What is being asked
Write out every line exactly, from the first line of the records below through the line that contains "and oneA :: 'a".

BEGIN Recorded data

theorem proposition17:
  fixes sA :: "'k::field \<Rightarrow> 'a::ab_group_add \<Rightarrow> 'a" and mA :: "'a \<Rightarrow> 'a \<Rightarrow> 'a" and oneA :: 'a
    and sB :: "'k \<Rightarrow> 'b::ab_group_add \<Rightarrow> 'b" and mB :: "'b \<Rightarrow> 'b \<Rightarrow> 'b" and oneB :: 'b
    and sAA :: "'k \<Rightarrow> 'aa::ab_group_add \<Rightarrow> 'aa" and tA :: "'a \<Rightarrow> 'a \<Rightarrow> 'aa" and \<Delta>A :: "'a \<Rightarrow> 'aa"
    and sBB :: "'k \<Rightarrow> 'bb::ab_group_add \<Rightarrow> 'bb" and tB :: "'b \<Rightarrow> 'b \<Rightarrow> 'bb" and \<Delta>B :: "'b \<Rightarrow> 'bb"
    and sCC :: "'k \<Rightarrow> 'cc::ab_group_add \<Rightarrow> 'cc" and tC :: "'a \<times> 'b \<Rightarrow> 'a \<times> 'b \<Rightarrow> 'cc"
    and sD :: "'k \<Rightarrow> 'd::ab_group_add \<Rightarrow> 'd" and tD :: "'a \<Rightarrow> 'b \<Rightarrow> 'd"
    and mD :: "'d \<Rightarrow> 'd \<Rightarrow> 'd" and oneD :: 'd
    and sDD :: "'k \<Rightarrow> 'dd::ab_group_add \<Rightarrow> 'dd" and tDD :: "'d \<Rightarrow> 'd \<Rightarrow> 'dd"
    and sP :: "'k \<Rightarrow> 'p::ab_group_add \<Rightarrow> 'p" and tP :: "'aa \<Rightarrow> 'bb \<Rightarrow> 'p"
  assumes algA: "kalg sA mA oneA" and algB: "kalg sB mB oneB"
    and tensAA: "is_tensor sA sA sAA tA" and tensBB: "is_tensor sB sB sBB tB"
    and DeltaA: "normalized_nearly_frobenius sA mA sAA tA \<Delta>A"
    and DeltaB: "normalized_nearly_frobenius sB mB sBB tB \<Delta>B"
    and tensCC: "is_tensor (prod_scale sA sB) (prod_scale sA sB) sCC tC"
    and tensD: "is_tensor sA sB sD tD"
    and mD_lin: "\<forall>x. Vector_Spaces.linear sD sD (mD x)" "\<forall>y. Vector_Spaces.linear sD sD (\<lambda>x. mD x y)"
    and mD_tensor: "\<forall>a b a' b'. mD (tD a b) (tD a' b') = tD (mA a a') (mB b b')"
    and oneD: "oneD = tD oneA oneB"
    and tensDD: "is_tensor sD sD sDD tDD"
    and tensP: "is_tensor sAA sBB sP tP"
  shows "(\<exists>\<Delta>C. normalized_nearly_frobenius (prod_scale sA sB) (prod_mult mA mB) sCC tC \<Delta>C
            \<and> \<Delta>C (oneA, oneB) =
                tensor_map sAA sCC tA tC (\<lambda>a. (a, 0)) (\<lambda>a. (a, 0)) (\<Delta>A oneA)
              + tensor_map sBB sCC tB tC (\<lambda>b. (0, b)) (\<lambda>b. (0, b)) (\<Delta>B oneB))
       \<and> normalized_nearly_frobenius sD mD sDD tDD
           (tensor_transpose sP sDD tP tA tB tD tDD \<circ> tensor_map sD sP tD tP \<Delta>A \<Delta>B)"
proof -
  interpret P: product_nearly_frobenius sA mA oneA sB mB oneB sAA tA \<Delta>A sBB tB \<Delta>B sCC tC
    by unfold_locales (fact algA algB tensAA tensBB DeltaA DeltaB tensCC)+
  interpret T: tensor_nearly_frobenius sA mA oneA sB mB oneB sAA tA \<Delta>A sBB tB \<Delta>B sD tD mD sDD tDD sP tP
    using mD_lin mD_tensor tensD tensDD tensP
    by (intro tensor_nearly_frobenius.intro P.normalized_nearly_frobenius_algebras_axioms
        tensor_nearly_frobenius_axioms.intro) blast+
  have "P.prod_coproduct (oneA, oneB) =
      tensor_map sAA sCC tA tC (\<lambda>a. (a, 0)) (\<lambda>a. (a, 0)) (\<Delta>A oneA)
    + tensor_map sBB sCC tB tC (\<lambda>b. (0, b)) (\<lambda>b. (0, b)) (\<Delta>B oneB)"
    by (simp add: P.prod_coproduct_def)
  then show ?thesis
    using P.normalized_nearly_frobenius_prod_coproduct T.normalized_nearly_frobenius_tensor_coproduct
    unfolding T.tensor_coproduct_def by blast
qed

END Recorded data

Result
theorem proposition17:
  fixes sA :: "'k::field \<Rightarrow> 'a::ab_group_add \<Rightarrow> 'a" and mA :: "'a \<Rightarrow> 'a \<Rightarrow> 'a" and oneA :: 'a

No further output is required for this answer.